### What this task involves
Among the lines of data below, reproduce only those from the one with "v \<longleftrightarrow> (\<exists>ps." through the one with "nat \<Rightarrow> pt", exactly as they stand, both ends included.

### The records
(* Let $P$ be a finite set of points in the plane, let $t>1$, $t'\ge t$, and let $k$ be any positive integer. If $h$ is set to the diameter (maximum hop distance) of the dual graph $G_T$ of the quad-tree $T$ built on $P$ with leaf capacity $k$, then the graph $H$ output by \textsc{Fast-Sparse-Spanner}$(P,t,t',k,h)$ is a $t$-spanner of $P$, i.e., for every pair of points $p,q\in P$ the shortest-path distance between $p$ and $q$ in $H$ is at most $t|pq|$.
   Context: All graphs are Euclidean: an edge $\{u,v\}$ has weight $|uv|$. A $t$-path for $u,v$ in $H$ is a path between $u,v$ of length at most $t|uv|$. Region quad-tree with leaf capacity $k$: the root corresponds to the bounding box of $P$; any node whose square contains more than $k$ points of $P$ is split into four equal quadrants (four children), recursively; nodes with at most $k$ points are leaves. The dual graph $G_T$ has the leaves of $T$ as vertices, two leaves adjacent iff their squares intersect. \textsc{Fast-Sparse-Spanner}$(P,t,t',k,h)$: (1) Build $T$ on $P$ with leaf capacity $k$; $H$ empty on $P$. (2) For every non-empty leaf $\sigma$, add to $H$ the edges of the greedy $t$-spanner on $P\cap\sigma$ (sort pairs of $P\cap\sigma$ by distance; add $\{p,q\}$ if the current shortest-path distance exceeds $t|pq|$); leader $\ell_\sigma$ = a point of $P\cap\sigma$ closest to the center of the bounding box of $P\cap\sigma$. (3) Add to $H$ the edges of a WSPD $t'$-spanner on the leaders (one edge per pair of a well-separated pair decomposition with separation ratio $4(t'+1)/(t'-1)$). (4) For each pair of adjacent non-empty leaves in $G_T$ not yet merged, merge them. (5) For $i=2,\dots,h$, for each non-empty leaf $\sigma$ and each non-empty leaf $\sigma'$ at exactly $i$ hops from $\sigma$ in $G_T$, merge them if not yet merged. Merging $\sigma_i,\sigma_j$ with point sets $P_i,P_j$: process all pairs $(u,v)\in P_i\times P_j$ in some order, maintaining a set of bridges (paths in $H$ between a point of $P_i$ and a point of $P_j$); for each pair: skip it if some bridge $x\leadsto y$ satisfies $t|ux|+|x\leadsto y|+t|yv|\le t|uv|$; otherwise look for a $t$-path from $u$ to $v$ in $H$ (by a greedy walk and then an exact shortest path computation via $A^*$); if one is found store it as a bridge, else add the edge $\{u,v\}$ to $H$ and to the bridges. *)

theory Defs
  imports "HOL-Analysis.Analysis"
begin

type_synonym pt = "real \<times> real"
type_synonym graph = "pt set set"   (* undirected edges {u,v}; weight = dist u v *)

definition is_path :: "graph \<Rightarrow> pt list \<Rightarrow> pt \<Rightarrow> pt \<Rightarrow> bool" where
  "is_path E ps u v \<longleftrightarrow> ps \<noteq> [] \<and> hd ps = u \<and> last ps = v \<and>
     (\<forall>i < length ps - 1. {ps ! i, ps ! Suc i} \<in> E)"

definition path_len :: "pt list \<Rightarrow> real" where
  "path_len ps = (\<Sum>i < length ps - 1. dist (ps ! i) (ps ! Suc i))"

definition is_tpath :: "graph \<Rightarrow> real \<Rightarrow> pt list \<Rightarrow> pt \<Rightarrow> pt \<Rightarrow> bool" where
  "is_tpath E t ps u v \<longleftrightarrow> is_path E ps u v \<and> path_len ps \<le> t * dist u v"

definition has_tpath :: "graph \<Rightarrow> real \<Rightarrow> pt \<Rightarrow> pt \<Rightarrow> bool" where
  "has_tpath E t u v \<longleftrightarrow> (\<exists>ps. is_tpath E t ps u v)"

definition t_spanner :: "pt set \<Rightarrow> real \<Rightarrow> graph \<Rightarrow> bool" where
  "t_spanner P t E \<longleftrightarrow> (\<forall>p\<in>P. \<forall>q\<in>P. has_tpath E t p q)"

definition greedy_step :: "real \<Rightarrow> graph \<Rightarrow> pt \<times> pt \<Rightarrow> graph" where
  "greedy_step t E pq =
     (if has_tpath E t (fst pq) (snd pq) then E else insert {fst pq, snd pq} E)"

definition greedy_spanner :: "pt set \<Rightarrow> real \<Rightarrow> graph \<Rightarrow> bool" where
  "greedy_spanner S t G \<longleftrightarrow>
     (\<exists>ps. distinct (map (\<lambda>(p,q). {p,q}) ps) \<and>
        set (map (\<lambda>(p,q). {p,q}) ps) = {{p,q} | p q. p \<in> S \<and> q \<in> S \<and> p \<noteq> q} \<and>
        (\<forall>(p,q) \<in> set ps. p \<noteq> q) \<and>
        sorted (map (\<lambda>(p,q). dist p q) ps) \<and>
        G = foldl (greedy_step t) {} ps)"

definition root_x :: "pt set \<Rightarrow> real" where "root_x P = Min (fst ` P)"
definition root_y :: "pt set \<Rightarrow> real" where "root_y P = Min (snd ` P)"
definition root_side :: "pt set \<Rightarrow> real" where
  "root_side P = max (Max (fst ` P) - Min (fst ` P)) (Max (snd ` P) - Min (snd ` P))"

text \<open>Node (d,i,j): the square at depth d with column i and row j (closed square).\<close>
definition qsq :: "pt set \<Rightarrow> nat \<times> nat \<times> nat \<Rightarrow> pt set" where
  "qsq P = (\<lambda>(d,i,j). {(x,y).
      root_x P + real i * root_side P / 2^d \<le> x \<and> x \<le> root_x P + real (i+1) * root_side P / 2^d \<and>
      root_y P + real j * root_side P / 2^d \<le> y \<and> y \<le> root_y P + real (j+1) * root_side P / 2^d})"

definition qt_node :: "pt set \<Rightarrow> nat \<Rightarrow> nat \<times> nat \<times> nat \<Rightarrow> bool" where
  "qt_node P k = (\<lambda>(d,i,j). i < 2^d \<and> j < 2^d \<and>
      (\<forall>d' < d. k < card (P \<inter> qsq P (d', i div 2^(d-d'), j div 2^(d-d')))))"

definition qt_leaf :: "pt set \<Rightarrow> nat \<Rightarrow> nat \<times> nat \<times> nat \<Rightarrow> bool" where
  "qt_leaf P k n \<longleftrightarrow> qt_node P k n \<and> card (P \<inter> qsq P n) \<le> k"

definition ne_leaf :: "pt set \<Rightarrow> nat \<Rightarrow> nat \<times> nat \<times> nat \<Rightarrow> bool" where
  "ne_leaf P k n \<longleftrightarrow> qt_leaf P k n \<and> P \<inter> qsq P n \<noteq> {}"

definition qt_adj :: "pt set \<Rightarrow> nat \<Rightarrow> nat \<times> nat \<times> nat \<Rightarrow> nat \<times> nat \<times> nat \<Rightarrow> bool" where
  "qt_adj P k a b \<longleftrightarrow> qt_leaf P k a \<and> qt_leaf P k b \<and> a \<noteq> b \<and> qsq P a \<inter> qsq P b \<noteq> {}"

definition qt_hop :: "pt set \<Rightarrow> nat \<Rightarrow> nat \<times> nat \<times> nat \<Rightarrow> nat \<times> nat \<times> nat \<Rightarrow> nat" where
  "qt_hop P k a b = (LEAST n. (qt_adj P k ^^ n) a b)"

definition qt_diameter :: "pt set \<Rightarrow> nat \<Rightarrow> nat" where
  "qt_diameter P k = Max {qt_hop P k a b | a b. qt_leaf P k a \<and> qt_leaf P k b}"

definition bbox_center :: "pt set \<Rightarrow> pt" where
  "bbox_center S = ((Min (fst ` S) + Max (fst ` S)) / 2, (Min (snd ` S) + Max (snd ` S)) / 2)"

definition is_leader :: "pt set \<Rightarrow> pt \<Rightarrow> bool" where
  "is_leader S l \<longleftrightarrow> l \<in> S \<and> (\<forall>q\<in>S. dist l (bbox_center S) \<le> dist q (bbox_center S))"

definition well_separated :: "real \<Rightarrow> pt set \<Rightarrow> pt set \<Rightarrow> bool" where
  "well_separated s A B \<longleftrightarrow> (\<exists>cA cB r. r \<ge> 0 \<and> A \<subseteq> cball cA r \<and> B \<subseteq> cball cB r \<and>
      cball cA r \<inter> cball cB r = {} \<and> dist cA cB - 2 * r \<ge> s * r)"

definition is_wspd :: "pt set \<Rightarrow> real \<Rightarrow> (pt set \<times> pt set) set \<Rightarrow> bool" where
  "is_wspd L s W \<longleftrightarrow> finite W \<and>
     (\<forall>(A,B)\<in>W. A \<noteq> {} \<and> B \<noteq> {} \<and> A \<subseteq> L \<and> B \<subseteq> L \<and> well_separated s A B) \<and>
     (\<forall>p\<in>L. \<forall>q\<in>L. p \<noteq> q \<longrightarrow>
        card {(A,B) \<in> W. (p \<in> A \<and> q \<in> B) \<or> (q \<in> A \<and> p \<in> B)} = 1)"

definition wspd_spanner :: "pt set \<Rightarrow> real \<Rightarrow> graph \<Rightarrow> bool" where
  "wspd_spanner L s E \<longleftrightarrow> (\<exists>W f. is_wspd L s W \<and>
     (\<forall>w\<in>W. fst (f w) \<in> fst w \<and> snd (f w) \<in> snd w) \<and>
     E = (\<lambda>w. {fst (f w), snd (f w)}) ` W)"

text \<open>One step of merging: process pair (u,v); state = (H, set of bridges).\<close>
definition merge_step :: "real \<Rightarrow> graph \<times> pt list set \<Rightarrow> pt \<times> pt \<Rightarrow> graph \<times> pt list set \<Rightarrow> bool" where
  "merge_step t st uv st' \<longleftrightarrow>
     (let E = fst st; B = snd st; u = fst uv; v = snd uv in
      if (\<exists>br\<in>B. t * dist u (hd br) + path_len br + t * dist (last br) v \<le> t * dist u v)
      then st' = st
      else if has_tpath E t u v
      then (\<exists>ps. is_tpath E t ps u v \<and> st' = (E, insert ps B))
      else st' = (insert {u,v} E, insert [u,v] B))"

inductive merge_run :: "real \<Rightarrow> (pt \<times> pt) list \<Rightarrow> graph \<times> pt list set \<Rightarrow> graph \<times> pt list set \<Rightarrow> bool"
  for t where
  nil: "merge_run t [] st st"
| cons: "merge_step t st uv st1 \<Longrightarrow> merge_run t ps st1 st2 \<Longrightarrow> merge_run t (uv # ps) st st2"

definition merge_leaves :: "real \<Rightarrow> pt set \<Rightarrow> pt set \<Rightarrow> graph \<Rightarrow> graph \<Rightarrow> bool" where
  "merge_leaves t Qi Qj E E' \<longleftrightarrow>
     (\<exists>ps B'. distinct ps \<and> set ps = Qi \<times> Qj \<and> merge_run t ps (E, {}) (E', B'))"

inductive merges_run :: "pt set \<Rightarrow> real \<Rightarrow> ((nat \<times> nat \<times> nat) \<times> (nat \<times> nat \<times> nat)) list \<Rightarrow> graph \<Rightarrow> graph \<Rightarrow> bool"
  for P t where
  nil: "merges_run P t [] E E"
| cons: "merge_leaves t (P \<inter> qsq P a) (P \<inter> qsq P b) E E1 \<Longrightarrow> merges_run P t ls E1 E2 \<Longrightarrow>
         merges_run P t ((a,b) # ls) E E2"

definition merge_schedule :: "pt set \<Rightarrow> nat \<Rightarrow> nat \<Rightarrow> ((nat \<times> nat \<times> nat) \<times> (nat \<times> nat \<times> nat)) list \<Rightarrow> bool" where
  "merge_schedule P k h ls \<longleftrightarrow>
     distinct (map (\<lambda>(a,b). {a,b}) ls) \<and>
     set (map (\<lambda>(a,b). {a,b}) ls) =
        {{a,b} | a b. ne_leaf P k a \<and> ne_leaf P k b \<and> a \<noteq> b \<and> qt_hop P k a b \<le> h} \<and>
     (\<forall>(a,b) \<in> set ls. a \<noteq> b) \<and>
     sorted (map (\<lambda>(a,b). qt_hop P k a b) ls)"

section \<open>Fast-Sparse-Spanner: H is a possible output\<close>

definition fss_output :: "pt set \<Rightarrow> real \<Rightarrow> real \<Rightarrow> nat \<Rightarrow> nat \<Rightarrow> graph \<Rightarrow> bool" where
  "fss_output P t t' k h H \<longleftrightarrow>
     (\<exists>gs ld Ew ls.
        (\<forall>\<sigma>. ne_leaf P k \<sigma> \<longrightarrow> greedy_spanner (P \<inter> qsq P \<sigma>) t (gs \<sigma>)) \<and>
        (\<forall>\<sigma>. ne_leaf P k \<sigma> \<longrightarrow> is_leader (P \<inter> qsq P \<sigma>) (ld \<sigma>)) \<and>
        wspd_spanner (ld ` {\<sigma>. ne_leaf P k \<sigma>}) (4 * (t' + 1) / (t' - 1)) Ew \<and>
        merge_schedule P k h ls \<and>
        merges_run P t ls ((\<Union>\<sigma>\<in>{\<sigma>. ne_leaf P k \<sigma>}. gs \<sigma>) \<union> Ew) H)"

end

### Task solution
  "has_tpath E t u v \<longleftrightarrow> (\<exists>ps. is_tpath E t ps u v)"

definition t_spanner :: "pt set \<Rightarrow> real \<Rightarrow> graph \<Rightarrow> bool" where
  "t_spanner P t E \<longleftrightarrow> (\<forall>p\<in>P. \<forall>q\<in>P. has_tpath E t p q)"

definition greedy_step :: "real \<Rightarrow> graph \<Rightarrow> pt \<times> pt \<Rightarrow> graph" where
  "greedy_step t E pq =
     (if has_tpath E t (fst pq) (snd pq) then E else insert {fst pq, snd pq} E)"

definition greedy_spanner :: "pt set \<Rightarrow> real \<Rightarrow> graph \<Rightarrow> bool" where
  "greedy_spanner S t G \<longleftrightarrow>
     (\<exists>ps. distinct (map (\<lambda>(p,q). {p,q}) ps) \<and>
        set (map (\<lambda>(p,q). {p,q}) ps) = {{p,q} | p q. p \<in> S \<and> q \<in> S \<and> p \<noteq> q} \<and>
        (\<forall>(p,q) \<in> set ps. p \<noteq> q) \<and>
        sorted (map (\<lambda>(p,q). dist p q) ps) \<and>
        G = foldl (greedy_step t) {} ps)"

definition root_x :: "pt set \<Rightarrow> real" where "root_x P = Min (fst ` P)"
definition root_y :: "pt set \<Rightarrow> real" where "root_y P = Min (snd ` P)"
definition root_side :: "pt set \<Rightarrow> real" where
  "root_side P = max (Max (fst ` P) - Min (fst ` P)) (Max (snd ` P) - Min (snd ` P))"

text \<open>Node (d,i,j): the square at depth d with column i and row j (closed square).\<close>
definition qsq :: "pt set \<Rightarrow> nat \<times> nat \<times> nat \<Rightarrow> pt set" where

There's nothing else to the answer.